lemma bounded_linear_seq_endo_apply: "bounded_linear (\<lambda>a. seq (endo_apply a x) n)"
  using bounded_linear_compose[OF bounded_linear_seq bounded_linear_endo_apply] .

lemma U_sums:
  "(\<lambda>k. complex_of_real (t ^ k / fact k) * gen_seq_pow k (seq x) n) sums seq (endo_apply (U t) x) n"
  using bounded_linear_exp_sums[OF bounded_linear_seq_endo_apply, of "t *\<^sub>R Gen" x n]
  unfolding U_def by (simp add: scaleR_power seq_Gen_power divide_inverse_commute)

lemma evol_eq_U:
  assumes "\<psi> \<in> ell2"
  shows "evol \<nu> t \<psi> = seq (endo_apply (U t) (l2_of \<psi>))"
proof
  fix n
  have "(- \<i> * complex_of_real t) ^ k / of_nat (fact k) * (schrH \<nu> ^^ k) \<psi> n =
        complex_of_real (t ^ k / fact k) * gen_seq_pow k \<psi> n" for k
    unfolding gen_seq_pow_def power_mult_distrib by (simp add: field_simps)
  thus "evol \<nu> t \<psi> n = seq (endo_apply (U t) (l2_of \<psi>)) n"
    using sums_unique[OF U_sums[of t "l2_of \<psi>" n]] assms unfolding evol_def by simp
qed

lemma U_add: "U s * U t = U (s + t)"
  unfolding U_def by (simp add: exp_add_commuting[symmetric] scaleR_add_left)

lemma U_inverse_left [simp]: "endo_apply (U (- t)) (endo_apply (U t) x) = x"
proof -
  have "U (- t) * U t = 1" unfolding U_add by (simp add: U_def)
  thus ?thesis by (metis endo_apply_mult endo_apply_one)
qed

lemma U_inverse_right [simp]: "endo_apply (U t) (endo_apply (U (- t)) x) = x"
  using U_inverse_left[of "- t"] by simp

lemma U_has_derivative:
  "((\<lambda>t. U t) has_vector_derivative Gen * U t) (at t within S)"
  unfolding U_def using exp_scaleR_has_vector_derivative_left has_vector_derivative_at_within by blast

lemma U_apply_has_derivative:
  "((\<lambda>t. endo_apply (U t) x) has_vector_derivative endo_apply Gen (endo_apply (U t) x)) (at t within S)"
  using bounded_linear.has_vector_derivative[OF bounded_linear_endo_apply U_has_derivative, of x] by simp

lemma inner_U_U: "inner (endo_apply (U t) x) (endo_apply (U t) y) = inner x y"
proof -
  let ?f = "\<lambda>t. inner (endo_apply (U t) x) (endo_apply (U t) y)"
  have "(?f has_vector_derivative 0) (at s)" for s
  proof -
    have "(?f has_vector_derivative
          (inner (endo_apply (U s) x) (endo_apply Gen (endo_apply (U s) y)) +
           inner (endo_apply Gen (endo_apply (U s) x)) (endo_apply (U s) y))) (at s)"
      by (rule bounded_bilinear.has_vector_derivative[OF bounded_bilinear_inner
            U_apply_has_derivative U_apply_has_derivative])
    thus ?thesis using inner_Gen_skew[of "endo_apply (U s) x" "endo_apply (U s) y"] by (simp add: add.commute)
  qed
  hence "\<And>s. (?f has_real_derivative 0) (at s)"
    by (simp add: has_real_derivative_iff_has_vector_derivative)
  hence "?f t = ?f 0" using DERIV_isconst_all by blast
  thus ?thesis by (simp add: U_def)
qed

lemma norm_U [simp]: "norm (endo_apply (U t) x) = norm x"
  using inner_U_U[of t x x] by (simp add: norm_eq_sqrt_inner)

lemma inner_U_adjoint: "inner (endo_apply (U (- t)) x) y = inner x (endo_apply (U t) y)"
  using inner_U_U[of t "endo_apply (U (- t)) x" y] by simp

lemma U_cscale: "endo_apply (U t) (cscale c x) = cscale c (endo_apply (U t) x)"
proof (rule l2_eqI)
  fix n
  have "(\<lambda>k. complex_of_real (t ^ k / fact k) * gen_seq_pow k (seq (cscale c x)) n) =
        (\<lambda>k. c * (complex_of_real (t ^ k / fact k) * gen_seq_pow k (seq x) n))"
    by (simp add: gen_seq_pow_mult mult_ac)
  thus "seq (endo_apply (U t) (cscale c x)) n = seq (cscale c (endo_apply (U t) x)) n"
    using U_sums[of t "cscale c x" n] sums_mult[OF U_sums[of t x n], of c] sums_unique2 by simp
qed

lemma continuous_on_U: "continuous_on S U"
  using U_has_derivative has_vector_derivative_continuous continuous_at_imp_continuous_on
  by (metis continuous_on_eq_continuous_within)

end

context schroedinger
begin

definition heis_l2 :: "l2 \<Rightarrow> real \<Rightarrow> l2" where
  "heis_l2 x t = endo_apply (U (- t)) (endo_apply Aop (endo_apply (U t) x))"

****************************************

What to do
Would you restate the records word for word?

Solution
lemma bounded_linear_seq_endo_apply: "bounded_linear (\<lambda>a. seq (endo_apply a x) n)"
  using bounded_linear_compose[OF bounded_linear_seq bounded_linear_endo_apply] .

lemma U_sums:
  "(\<lambda>k. complex_of_real (t ^ k / fact k) * gen_seq_pow k (seq x) n) sums seq (endo_apply (U t) x) n"
  using bounded_linear_exp_sums[OF bounded_linear_seq_endo_apply, of "t *\<^sub>R Gen" x n]
  unfolding U_def by (simp add: scaleR_power seq_Gen_power divide_inverse_commute)

lemma evol_eq_U:
  assumes "\<psi> \<in> ell2"
  shows "evol \<nu> t \<psi> = seq (endo_apply (U t) (l2_of \<psi>))"
proof
  fix n
  have "(- \<i> * complex_of_real t) ^ k / of_nat (fact k) * (schrH \<nu> ^^ k) \<psi> n =
        complex_of_real (t ^ k / fact k) * gen_seq_pow k \<psi> n" for k
    unfolding gen_seq_pow_def power_mult_distrib by (simp add: field_simps)
  thus "evol \<nu> t \<psi> n = seq (endo_apply (U t) (l2_of \<psi>)) n"
    using sums_unique[OF U_sums[of t "l2_of \<psi>" n]] assms unfolding evol_def by simp
qed

lemma U_add: "U s * U t = U (s + t)"
  unfolding U_def by (simp add: exp_add_commuting[symmetric] scaleR_add_left)

lemma U_inverse_left [simp]: "endo_apply (U (- t)) (endo_apply (U t) x) = x"
proof -
  have "U (- t) * U t = 1" unfolding U_add by (simp add: U_def)
  thus ?thesis by (metis endo_apply_mult endo_apply_one)
qed

lemma U_inverse_right [simp]: "endo_apply (U t) (endo_apply (U (- t)) x) = x"
  using U_inverse_left[of "- t"] by simp

lemma U_has_derivative:
  "((\<lambda>t. U t) has_vector_derivative Gen * U t) (at t within S)"
  unfolding U_def using exp_scaleR_has_vector_derivative_left has_vector_derivative_at_within by blast

lemma U_apply_has_derivative:
  "((\<lambda>t. endo_apply (U t) x) has_vector_derivative endo_apply Gen (endo_apply (U t) x)) (at t within S)"
  using bounded_linear.has_vector_derivative[OF bounded_linear_endo_apply U_has_derivative, of x] by simp

lemma inner_U_U: "inner (endo_apply (U t) x) (endo_apply (U t) y) = inner x y"
proof -
  let ?f = "\<lambda>t. inner (endo_apply (U t) x) (endo_apply (U t) y)"
  have "(?f has_vector_derivative 0) (at s)" for s
  proof -
    have "(?f has_vector_derivative
          (inner (endo_apply (U s) x) (endo_apply Gen (endo_apply (U s) y)) +
           inner (endo_apply Gen (endo_apply (U s) x)) (endo_apply (U s) y))) (at s)"
      by (rule bounded_bilinear.has_vector_derivative[OF bounded_bilinear_inner
            U_apply_has_derivative U_apply_has_derivative])
    thus ?thesis using inner_Gen_skew[of "endo_apply (U s) x" "endo_apply (U s) y"] by (simp add: add.commute)
  qed
  hence "\<And>s. (?f has_real_derivative 0) (at s)"
    by (simp add: has_real_derivative_iff_has_vector_derivative)
  hence "?f t = ?f 0" using DERIV_isconst_all by blast
  thus ?thesis by (simp add: U_def)
qed

lemma norm_U [simp]: "norm (endo_apply (U t) x) = norm x"
  using inner_U_U[of t x x] by (simp add: norm_eq_sqrt_inner)

lemma inner_U_adjoint: "inner (endo_apply (U (- t)) x) y = inner x (endo_apply (U t) y)"
  using inner_U_U[of t "endo_apply (U (- t)) x" y] by simp

lemma U_cscale: "endo_apply (U t) (cscale c x) = cscale c (endo_apply (U t) x)"
proof (rule l2_eqI)
  fix n
  have "(\<lambda>k. complex_of_real (t ^ k / fact k) * gen_seq_pow k (seq (cscale c x)) n) =
        (\<lambda>k. c * (complex_of_real (t ^ k / fact k) * gen_seq_pow k (seq x) n))"
    by (simp add: gen_seq_pow_mult mult_ac)
  thus "seq (endo_apply (U t) (cscale c x)) n = seq (cscale c (endo_apply (U t) x)) n"
    using U_sums[of t "cscale c x" n] sums_mult[OF U_sums[of t x n], of c] sums_unique2 by simp
qed

lemma continuous_on_U: "continuous_on S U"
  using U_has_derivative has_vector_derivative_continuous continuous_at_imp_continuous_on
  by (metis continuous_on_eq_continuous_within)

end

context schroedinger
begin

definition heis_l2 :: "l2 \<Rightarrow> real \<Rightarrow> l2" where
  "heis_l2 x t = endo_apply (U (- t)) (endo_apply Aop (endo_apply (U t) x))"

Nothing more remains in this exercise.